→ Your objective
In the records below, find the line holding "cmod \<tau> * cmod (p" and the line holding "ultimately show ?thesis". Set down both, with every line between them, exactly.

→ Available data
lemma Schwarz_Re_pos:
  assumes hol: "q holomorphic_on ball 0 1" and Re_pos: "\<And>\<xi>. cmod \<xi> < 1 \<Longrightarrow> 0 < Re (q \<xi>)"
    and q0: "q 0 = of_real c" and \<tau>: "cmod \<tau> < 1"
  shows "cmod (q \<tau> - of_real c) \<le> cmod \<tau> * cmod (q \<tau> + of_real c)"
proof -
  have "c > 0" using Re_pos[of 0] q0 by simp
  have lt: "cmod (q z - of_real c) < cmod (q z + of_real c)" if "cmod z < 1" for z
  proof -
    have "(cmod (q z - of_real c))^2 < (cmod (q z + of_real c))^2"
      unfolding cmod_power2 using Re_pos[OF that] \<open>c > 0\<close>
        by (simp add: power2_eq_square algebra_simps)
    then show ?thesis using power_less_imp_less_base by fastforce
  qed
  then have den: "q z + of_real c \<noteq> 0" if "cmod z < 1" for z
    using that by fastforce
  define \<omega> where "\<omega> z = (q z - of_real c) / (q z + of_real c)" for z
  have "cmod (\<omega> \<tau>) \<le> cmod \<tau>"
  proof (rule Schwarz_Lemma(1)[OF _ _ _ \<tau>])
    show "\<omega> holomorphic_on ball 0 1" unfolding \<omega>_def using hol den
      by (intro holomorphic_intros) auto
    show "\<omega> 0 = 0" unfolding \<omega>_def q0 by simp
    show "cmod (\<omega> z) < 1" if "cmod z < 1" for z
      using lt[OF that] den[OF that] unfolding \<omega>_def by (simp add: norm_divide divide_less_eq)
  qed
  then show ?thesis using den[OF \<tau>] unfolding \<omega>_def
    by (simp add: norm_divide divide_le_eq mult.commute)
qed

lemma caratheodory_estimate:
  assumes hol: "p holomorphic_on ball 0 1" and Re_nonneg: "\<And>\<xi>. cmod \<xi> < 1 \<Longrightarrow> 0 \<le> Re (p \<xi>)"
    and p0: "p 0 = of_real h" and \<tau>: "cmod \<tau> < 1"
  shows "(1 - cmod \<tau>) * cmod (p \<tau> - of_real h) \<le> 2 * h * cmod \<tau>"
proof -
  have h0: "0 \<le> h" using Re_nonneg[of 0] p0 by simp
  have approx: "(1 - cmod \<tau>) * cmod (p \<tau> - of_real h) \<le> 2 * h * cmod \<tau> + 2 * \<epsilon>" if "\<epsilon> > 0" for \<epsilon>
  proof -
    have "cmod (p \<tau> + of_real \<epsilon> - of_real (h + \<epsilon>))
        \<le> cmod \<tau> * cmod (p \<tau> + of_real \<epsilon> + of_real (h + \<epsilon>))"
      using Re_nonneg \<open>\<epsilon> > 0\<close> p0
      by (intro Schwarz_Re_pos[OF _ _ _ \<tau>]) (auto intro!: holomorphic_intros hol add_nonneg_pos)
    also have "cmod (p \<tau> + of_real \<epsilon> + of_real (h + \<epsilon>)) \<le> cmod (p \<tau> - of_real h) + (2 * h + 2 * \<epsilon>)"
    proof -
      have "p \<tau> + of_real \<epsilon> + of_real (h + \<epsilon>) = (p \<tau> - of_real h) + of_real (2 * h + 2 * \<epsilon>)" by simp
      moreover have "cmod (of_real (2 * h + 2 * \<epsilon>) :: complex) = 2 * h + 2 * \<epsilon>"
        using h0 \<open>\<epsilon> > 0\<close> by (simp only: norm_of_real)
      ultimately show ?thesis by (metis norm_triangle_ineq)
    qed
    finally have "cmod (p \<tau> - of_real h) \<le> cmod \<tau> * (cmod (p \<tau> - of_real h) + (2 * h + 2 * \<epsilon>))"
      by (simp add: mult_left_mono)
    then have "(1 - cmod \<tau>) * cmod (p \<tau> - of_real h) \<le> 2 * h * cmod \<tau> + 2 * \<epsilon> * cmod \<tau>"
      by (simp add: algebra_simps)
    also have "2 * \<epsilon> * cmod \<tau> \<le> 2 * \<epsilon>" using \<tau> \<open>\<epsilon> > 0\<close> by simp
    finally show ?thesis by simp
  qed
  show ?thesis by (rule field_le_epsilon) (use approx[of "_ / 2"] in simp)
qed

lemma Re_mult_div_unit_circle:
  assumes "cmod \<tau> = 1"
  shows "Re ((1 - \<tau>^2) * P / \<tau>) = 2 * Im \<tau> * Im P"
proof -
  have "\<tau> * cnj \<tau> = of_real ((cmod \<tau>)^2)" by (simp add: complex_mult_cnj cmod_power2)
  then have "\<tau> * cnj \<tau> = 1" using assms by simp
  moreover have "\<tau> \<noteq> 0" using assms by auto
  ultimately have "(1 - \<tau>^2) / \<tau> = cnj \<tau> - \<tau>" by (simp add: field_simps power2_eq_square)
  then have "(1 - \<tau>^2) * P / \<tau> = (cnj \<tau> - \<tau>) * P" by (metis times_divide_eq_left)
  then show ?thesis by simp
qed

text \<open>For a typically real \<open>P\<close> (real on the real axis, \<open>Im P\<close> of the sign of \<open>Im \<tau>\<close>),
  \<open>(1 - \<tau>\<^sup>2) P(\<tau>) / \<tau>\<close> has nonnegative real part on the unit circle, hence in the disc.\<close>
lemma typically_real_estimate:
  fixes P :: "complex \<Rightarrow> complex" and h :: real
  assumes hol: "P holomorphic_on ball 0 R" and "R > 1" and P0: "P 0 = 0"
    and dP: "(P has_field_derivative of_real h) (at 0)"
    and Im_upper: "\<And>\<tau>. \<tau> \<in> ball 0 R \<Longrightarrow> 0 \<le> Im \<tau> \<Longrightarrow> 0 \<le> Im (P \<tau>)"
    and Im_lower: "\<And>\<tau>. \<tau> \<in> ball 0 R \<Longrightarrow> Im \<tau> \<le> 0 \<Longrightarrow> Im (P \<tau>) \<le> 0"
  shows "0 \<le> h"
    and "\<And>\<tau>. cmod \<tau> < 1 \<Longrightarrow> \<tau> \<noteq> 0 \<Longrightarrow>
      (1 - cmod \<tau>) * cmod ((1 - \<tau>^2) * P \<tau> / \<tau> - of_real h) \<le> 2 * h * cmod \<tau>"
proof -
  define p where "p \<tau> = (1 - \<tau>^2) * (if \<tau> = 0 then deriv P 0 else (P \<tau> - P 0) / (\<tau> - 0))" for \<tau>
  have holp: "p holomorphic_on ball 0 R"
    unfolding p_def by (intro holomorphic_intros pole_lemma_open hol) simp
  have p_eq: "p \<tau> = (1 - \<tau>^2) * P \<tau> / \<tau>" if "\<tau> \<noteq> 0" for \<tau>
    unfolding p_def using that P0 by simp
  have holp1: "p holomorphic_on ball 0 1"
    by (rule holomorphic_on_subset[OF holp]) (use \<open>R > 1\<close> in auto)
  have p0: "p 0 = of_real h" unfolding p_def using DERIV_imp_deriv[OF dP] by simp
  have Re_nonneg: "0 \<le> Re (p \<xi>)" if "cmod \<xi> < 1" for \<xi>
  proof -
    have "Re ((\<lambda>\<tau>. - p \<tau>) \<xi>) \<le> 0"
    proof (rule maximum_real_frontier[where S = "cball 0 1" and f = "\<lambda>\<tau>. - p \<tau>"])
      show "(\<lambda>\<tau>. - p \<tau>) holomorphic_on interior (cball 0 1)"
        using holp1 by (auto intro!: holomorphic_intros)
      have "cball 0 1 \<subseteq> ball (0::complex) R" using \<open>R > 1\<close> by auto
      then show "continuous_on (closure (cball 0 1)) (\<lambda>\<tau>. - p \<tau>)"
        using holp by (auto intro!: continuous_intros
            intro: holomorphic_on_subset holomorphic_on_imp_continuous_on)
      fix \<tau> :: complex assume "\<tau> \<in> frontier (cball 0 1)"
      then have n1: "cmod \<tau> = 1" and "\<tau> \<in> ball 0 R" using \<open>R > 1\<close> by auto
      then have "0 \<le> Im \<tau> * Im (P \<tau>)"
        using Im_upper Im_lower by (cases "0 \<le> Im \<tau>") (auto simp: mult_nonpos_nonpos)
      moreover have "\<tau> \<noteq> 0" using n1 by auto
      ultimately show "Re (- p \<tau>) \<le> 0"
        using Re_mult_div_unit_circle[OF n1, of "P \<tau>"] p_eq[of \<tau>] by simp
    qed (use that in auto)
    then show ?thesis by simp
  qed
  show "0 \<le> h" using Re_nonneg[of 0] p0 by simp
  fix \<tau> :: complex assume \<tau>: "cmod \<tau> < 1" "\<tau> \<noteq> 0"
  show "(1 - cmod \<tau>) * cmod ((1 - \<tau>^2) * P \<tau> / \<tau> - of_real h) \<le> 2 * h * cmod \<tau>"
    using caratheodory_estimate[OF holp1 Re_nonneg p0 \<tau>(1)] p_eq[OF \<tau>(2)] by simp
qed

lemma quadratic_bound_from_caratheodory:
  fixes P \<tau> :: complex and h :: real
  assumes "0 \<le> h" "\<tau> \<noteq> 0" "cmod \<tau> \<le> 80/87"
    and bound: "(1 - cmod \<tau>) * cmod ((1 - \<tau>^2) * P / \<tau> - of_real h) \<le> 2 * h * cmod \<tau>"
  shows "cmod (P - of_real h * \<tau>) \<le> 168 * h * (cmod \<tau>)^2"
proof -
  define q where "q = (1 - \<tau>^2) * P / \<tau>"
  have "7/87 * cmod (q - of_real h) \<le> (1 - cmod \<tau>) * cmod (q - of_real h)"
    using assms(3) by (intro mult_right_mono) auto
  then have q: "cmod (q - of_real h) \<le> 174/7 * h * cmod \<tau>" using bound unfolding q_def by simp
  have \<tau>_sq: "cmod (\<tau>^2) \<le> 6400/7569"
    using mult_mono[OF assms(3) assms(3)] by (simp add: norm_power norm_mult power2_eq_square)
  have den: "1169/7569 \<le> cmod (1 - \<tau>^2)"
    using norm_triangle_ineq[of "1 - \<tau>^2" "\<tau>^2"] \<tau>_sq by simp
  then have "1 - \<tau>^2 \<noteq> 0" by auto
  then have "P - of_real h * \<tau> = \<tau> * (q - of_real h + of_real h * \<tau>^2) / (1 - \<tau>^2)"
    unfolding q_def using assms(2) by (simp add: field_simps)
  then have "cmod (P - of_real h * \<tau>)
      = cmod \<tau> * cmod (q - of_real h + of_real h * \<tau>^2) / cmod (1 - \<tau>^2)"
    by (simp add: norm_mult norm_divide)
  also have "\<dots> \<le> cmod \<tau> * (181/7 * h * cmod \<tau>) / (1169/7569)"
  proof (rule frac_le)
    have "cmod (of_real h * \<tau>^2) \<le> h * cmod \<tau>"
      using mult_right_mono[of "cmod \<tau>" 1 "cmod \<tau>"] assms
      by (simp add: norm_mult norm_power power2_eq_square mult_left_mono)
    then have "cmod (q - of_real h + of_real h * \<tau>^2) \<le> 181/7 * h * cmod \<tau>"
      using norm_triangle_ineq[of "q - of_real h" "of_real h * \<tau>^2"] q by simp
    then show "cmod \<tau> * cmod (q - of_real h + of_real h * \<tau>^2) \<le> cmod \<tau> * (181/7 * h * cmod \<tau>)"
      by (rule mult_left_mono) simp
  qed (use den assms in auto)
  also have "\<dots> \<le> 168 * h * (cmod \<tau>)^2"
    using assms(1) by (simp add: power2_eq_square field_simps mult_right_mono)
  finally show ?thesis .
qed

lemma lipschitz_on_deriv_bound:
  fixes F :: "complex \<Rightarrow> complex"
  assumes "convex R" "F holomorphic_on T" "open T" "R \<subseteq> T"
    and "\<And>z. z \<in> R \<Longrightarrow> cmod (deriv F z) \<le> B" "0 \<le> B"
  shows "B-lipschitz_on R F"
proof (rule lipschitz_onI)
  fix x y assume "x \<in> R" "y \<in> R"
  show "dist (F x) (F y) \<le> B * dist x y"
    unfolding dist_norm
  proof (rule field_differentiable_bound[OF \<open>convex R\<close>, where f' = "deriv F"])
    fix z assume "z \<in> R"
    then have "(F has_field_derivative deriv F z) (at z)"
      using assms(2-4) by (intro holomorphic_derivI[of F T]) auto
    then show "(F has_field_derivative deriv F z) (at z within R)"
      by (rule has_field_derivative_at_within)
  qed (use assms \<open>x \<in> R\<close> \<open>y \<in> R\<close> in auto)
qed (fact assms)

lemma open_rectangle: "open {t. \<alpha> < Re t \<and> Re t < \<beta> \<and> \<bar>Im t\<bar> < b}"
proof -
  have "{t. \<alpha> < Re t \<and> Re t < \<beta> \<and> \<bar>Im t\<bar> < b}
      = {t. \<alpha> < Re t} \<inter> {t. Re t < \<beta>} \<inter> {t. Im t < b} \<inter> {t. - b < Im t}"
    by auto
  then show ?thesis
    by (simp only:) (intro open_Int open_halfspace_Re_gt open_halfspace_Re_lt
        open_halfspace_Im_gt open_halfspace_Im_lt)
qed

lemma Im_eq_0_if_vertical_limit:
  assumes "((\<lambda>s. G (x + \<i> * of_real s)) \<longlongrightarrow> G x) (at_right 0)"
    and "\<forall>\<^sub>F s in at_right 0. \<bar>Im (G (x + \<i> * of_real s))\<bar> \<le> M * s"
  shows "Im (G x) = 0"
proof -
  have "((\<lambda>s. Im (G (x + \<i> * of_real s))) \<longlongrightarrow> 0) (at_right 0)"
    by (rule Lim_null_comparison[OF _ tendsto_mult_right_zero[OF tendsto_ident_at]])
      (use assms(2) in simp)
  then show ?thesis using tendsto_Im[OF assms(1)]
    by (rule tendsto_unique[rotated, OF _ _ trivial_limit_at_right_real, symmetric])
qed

...

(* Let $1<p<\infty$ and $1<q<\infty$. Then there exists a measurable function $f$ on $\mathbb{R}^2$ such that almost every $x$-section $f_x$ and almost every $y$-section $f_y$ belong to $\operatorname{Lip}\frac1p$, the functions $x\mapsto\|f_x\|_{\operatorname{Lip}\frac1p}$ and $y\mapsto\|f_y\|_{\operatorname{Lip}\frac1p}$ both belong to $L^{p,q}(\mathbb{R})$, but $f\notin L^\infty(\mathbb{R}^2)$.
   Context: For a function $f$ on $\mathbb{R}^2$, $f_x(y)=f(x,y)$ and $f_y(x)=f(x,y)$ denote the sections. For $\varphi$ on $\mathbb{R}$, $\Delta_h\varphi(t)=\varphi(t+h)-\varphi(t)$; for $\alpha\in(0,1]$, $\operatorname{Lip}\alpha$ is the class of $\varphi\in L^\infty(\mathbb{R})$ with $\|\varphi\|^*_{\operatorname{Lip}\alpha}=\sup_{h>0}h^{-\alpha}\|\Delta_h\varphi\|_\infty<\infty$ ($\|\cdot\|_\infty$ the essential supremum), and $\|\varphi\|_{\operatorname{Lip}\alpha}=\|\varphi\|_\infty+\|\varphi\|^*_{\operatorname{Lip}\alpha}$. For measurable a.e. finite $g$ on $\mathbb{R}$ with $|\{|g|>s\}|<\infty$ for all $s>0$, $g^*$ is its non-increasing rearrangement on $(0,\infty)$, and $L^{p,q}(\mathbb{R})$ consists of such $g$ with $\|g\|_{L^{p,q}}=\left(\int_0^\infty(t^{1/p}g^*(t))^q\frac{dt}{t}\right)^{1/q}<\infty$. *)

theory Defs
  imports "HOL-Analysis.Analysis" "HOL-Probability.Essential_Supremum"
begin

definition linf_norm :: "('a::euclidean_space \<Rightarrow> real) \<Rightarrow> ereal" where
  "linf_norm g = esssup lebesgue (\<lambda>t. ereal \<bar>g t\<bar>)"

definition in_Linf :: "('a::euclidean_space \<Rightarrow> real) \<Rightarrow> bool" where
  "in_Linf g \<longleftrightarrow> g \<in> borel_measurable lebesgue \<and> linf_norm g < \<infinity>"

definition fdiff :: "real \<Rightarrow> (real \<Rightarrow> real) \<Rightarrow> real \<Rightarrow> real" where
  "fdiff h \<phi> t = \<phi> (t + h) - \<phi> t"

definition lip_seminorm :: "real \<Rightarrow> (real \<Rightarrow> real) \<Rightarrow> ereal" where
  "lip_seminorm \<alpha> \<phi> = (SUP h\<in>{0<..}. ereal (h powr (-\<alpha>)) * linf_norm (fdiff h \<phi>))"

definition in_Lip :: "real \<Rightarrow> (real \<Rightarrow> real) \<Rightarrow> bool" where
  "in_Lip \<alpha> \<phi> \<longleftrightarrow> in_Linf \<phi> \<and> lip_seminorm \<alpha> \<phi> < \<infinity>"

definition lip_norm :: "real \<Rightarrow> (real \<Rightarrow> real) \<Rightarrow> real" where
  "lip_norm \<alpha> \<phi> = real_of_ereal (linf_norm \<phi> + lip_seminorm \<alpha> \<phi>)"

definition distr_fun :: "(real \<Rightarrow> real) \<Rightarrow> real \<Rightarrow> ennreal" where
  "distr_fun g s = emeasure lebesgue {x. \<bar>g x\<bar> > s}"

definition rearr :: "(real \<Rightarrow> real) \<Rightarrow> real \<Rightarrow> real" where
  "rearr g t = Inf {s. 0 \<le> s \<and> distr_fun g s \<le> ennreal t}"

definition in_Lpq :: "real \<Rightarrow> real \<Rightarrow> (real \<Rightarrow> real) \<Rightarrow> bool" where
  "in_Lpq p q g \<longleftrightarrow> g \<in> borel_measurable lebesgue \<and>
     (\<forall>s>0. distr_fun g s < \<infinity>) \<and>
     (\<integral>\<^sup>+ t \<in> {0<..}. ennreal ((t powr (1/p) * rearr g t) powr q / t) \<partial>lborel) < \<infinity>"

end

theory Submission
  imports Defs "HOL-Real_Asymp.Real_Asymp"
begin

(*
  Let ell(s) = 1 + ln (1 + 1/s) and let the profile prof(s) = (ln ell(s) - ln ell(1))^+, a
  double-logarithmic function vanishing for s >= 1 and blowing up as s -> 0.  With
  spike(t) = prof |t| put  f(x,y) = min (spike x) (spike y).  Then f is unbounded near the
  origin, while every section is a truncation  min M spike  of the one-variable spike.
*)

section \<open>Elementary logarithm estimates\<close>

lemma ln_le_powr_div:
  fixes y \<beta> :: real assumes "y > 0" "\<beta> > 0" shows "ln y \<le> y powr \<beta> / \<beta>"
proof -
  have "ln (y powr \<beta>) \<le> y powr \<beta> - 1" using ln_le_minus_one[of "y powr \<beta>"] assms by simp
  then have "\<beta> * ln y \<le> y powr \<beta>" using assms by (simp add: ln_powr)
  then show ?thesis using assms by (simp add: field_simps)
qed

→ Result
        \<le> cmod \<tau> * cmod (p \<tau> + of_real \<epsilon> + of_real (h + \<epsilon>))"
      using Re_nonneg \<open>\<epsilon> > 0\<close> p0
      by (intro Schwarz_Re_pos[OF _ _ _ \<tau>]) (auto intro!: holomorphic_intros hol add_nonneg_pos)
    also have "cmod (p \<tau> + of_real \<epsilon> + of_real (h + \<epsilon>)) \<le> cmod (p \<tau> - of_real h) + (2 * h + 2 * \<epsilon>)"
    proof -
      have "p \<tau> + of_real \<epsilon> + of_real (h + \<epsilon>) = (p \<tau> - of_real h) + of_real (2 * h + 2 * \<epsilon>)" by simp
      moreover have "cmod (of_real (2 * h + 2 * \<epsilon>) :: complex) = 2 * h + 2 * \<epsilon>"
        using h0 \<open>\<epsilon> > 0\<close> by (simp only: norm_of_real)
      ultimately show ?thesis by (metis norm_triangle_ineq)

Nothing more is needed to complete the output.